## Assigned task
Among the entries below, how many lines hold the word "noteq"? Reply with the number only.

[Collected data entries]
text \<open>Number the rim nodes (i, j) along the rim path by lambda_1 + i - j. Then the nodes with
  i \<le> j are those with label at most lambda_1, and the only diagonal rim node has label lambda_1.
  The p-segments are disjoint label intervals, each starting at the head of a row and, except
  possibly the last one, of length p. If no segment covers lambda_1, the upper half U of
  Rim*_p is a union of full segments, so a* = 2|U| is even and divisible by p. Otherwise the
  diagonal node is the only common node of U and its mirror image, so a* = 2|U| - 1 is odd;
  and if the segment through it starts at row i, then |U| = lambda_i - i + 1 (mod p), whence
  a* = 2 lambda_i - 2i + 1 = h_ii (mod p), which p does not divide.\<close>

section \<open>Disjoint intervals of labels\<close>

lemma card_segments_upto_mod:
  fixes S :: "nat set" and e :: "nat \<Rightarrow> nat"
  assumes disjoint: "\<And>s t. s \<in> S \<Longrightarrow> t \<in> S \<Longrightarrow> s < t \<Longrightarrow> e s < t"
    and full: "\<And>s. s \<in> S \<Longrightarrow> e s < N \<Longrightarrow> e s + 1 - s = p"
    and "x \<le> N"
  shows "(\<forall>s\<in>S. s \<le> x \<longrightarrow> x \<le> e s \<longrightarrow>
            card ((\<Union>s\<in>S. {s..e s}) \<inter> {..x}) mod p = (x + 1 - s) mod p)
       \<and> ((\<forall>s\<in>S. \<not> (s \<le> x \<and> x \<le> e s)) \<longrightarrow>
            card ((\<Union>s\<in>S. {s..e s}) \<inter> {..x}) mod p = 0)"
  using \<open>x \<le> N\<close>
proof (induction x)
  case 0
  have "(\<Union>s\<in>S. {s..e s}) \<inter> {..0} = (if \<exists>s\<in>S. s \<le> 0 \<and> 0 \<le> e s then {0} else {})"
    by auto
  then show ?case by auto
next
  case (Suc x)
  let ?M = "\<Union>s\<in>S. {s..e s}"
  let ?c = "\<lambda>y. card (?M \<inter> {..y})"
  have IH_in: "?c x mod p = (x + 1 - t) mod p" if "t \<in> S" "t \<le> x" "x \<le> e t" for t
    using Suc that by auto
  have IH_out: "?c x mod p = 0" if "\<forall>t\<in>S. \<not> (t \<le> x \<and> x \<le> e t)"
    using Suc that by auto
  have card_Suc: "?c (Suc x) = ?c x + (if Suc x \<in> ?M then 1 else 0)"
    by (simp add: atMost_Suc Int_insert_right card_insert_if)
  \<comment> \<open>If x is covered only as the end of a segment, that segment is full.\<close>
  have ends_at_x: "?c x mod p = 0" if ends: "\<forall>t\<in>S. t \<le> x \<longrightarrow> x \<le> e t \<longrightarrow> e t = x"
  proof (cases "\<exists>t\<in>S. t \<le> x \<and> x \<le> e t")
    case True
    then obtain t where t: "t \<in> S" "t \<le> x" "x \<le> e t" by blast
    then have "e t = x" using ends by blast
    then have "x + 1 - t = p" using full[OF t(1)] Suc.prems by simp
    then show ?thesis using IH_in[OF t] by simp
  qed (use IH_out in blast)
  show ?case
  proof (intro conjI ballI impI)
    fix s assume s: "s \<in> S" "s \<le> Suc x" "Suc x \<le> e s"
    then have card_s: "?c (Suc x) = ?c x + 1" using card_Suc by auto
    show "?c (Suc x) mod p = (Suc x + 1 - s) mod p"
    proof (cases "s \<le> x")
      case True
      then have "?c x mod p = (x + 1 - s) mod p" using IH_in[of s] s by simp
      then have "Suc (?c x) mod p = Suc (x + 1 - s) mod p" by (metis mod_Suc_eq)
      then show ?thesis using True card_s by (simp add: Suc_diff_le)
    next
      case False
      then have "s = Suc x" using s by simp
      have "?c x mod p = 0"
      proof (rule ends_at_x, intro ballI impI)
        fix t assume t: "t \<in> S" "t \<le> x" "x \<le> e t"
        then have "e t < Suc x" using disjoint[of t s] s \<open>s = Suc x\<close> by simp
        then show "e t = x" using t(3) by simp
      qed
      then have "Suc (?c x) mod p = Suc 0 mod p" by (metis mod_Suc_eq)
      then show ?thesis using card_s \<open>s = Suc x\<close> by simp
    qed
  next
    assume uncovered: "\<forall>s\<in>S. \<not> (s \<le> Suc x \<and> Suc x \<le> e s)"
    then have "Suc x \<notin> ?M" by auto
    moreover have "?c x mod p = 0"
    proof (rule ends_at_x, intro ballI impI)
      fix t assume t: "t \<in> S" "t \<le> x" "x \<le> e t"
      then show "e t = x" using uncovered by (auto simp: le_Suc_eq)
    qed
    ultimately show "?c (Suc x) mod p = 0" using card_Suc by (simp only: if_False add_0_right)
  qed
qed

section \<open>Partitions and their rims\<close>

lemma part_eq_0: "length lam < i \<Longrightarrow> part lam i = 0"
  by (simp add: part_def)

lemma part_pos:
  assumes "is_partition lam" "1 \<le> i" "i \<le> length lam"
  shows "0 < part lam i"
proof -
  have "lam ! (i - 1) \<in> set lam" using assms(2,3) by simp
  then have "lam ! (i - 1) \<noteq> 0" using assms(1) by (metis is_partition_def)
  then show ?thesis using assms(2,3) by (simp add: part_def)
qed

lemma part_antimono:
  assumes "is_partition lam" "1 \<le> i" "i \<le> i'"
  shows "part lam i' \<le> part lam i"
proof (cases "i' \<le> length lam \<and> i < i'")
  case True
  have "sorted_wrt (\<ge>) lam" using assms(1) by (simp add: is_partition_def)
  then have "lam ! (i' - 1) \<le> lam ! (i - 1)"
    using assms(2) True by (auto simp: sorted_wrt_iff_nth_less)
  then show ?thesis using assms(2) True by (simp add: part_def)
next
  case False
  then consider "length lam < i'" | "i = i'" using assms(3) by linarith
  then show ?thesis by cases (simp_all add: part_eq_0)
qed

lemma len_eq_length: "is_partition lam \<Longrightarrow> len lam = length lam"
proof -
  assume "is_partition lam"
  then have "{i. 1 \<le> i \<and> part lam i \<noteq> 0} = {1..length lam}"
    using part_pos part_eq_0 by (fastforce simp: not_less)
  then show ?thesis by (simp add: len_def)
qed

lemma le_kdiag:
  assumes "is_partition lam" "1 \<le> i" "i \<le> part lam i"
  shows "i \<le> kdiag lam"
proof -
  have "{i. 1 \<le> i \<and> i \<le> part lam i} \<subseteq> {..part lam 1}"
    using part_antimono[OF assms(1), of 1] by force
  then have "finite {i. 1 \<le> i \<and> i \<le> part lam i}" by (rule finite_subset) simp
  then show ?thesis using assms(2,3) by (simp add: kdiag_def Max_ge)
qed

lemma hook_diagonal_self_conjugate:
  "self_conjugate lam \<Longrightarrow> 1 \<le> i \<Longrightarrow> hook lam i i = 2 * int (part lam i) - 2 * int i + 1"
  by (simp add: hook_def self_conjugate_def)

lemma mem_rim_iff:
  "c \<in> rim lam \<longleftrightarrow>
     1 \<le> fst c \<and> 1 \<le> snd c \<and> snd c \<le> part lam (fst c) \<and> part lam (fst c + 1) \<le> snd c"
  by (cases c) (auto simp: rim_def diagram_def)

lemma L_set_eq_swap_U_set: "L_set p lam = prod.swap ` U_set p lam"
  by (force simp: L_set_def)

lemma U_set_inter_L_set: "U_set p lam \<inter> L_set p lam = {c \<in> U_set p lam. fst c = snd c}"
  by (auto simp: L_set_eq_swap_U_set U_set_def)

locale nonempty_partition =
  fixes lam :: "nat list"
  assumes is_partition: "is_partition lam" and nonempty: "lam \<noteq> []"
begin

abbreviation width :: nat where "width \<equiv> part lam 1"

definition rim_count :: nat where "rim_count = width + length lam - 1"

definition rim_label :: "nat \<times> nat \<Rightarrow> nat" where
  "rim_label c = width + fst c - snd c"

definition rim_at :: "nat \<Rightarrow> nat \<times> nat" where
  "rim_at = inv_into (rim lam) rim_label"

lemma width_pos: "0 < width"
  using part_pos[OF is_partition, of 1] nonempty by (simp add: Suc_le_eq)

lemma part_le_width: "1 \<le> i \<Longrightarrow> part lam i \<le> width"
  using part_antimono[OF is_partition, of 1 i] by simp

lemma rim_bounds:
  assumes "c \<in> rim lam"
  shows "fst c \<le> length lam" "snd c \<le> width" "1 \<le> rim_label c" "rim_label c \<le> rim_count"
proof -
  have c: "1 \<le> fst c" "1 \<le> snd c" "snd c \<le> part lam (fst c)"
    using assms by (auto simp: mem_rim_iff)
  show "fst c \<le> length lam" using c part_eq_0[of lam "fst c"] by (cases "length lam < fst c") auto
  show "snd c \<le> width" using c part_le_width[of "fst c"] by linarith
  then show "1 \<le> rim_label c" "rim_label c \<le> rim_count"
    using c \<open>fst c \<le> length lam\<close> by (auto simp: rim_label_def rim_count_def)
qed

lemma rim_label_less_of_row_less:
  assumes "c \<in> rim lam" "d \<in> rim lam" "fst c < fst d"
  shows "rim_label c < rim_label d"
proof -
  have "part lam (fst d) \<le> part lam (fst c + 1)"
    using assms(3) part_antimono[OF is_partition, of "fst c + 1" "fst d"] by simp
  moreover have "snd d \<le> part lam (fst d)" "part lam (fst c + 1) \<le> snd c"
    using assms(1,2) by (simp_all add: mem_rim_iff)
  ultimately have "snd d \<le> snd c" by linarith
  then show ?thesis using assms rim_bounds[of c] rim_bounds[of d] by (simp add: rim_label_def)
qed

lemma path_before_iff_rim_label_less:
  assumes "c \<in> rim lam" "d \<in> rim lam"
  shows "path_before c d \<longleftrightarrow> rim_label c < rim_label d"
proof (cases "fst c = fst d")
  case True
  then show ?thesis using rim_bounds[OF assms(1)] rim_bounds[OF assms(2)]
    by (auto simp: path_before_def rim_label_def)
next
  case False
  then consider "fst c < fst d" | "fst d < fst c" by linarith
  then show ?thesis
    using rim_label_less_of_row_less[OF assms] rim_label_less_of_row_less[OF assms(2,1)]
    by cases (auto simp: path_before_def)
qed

## Response area
3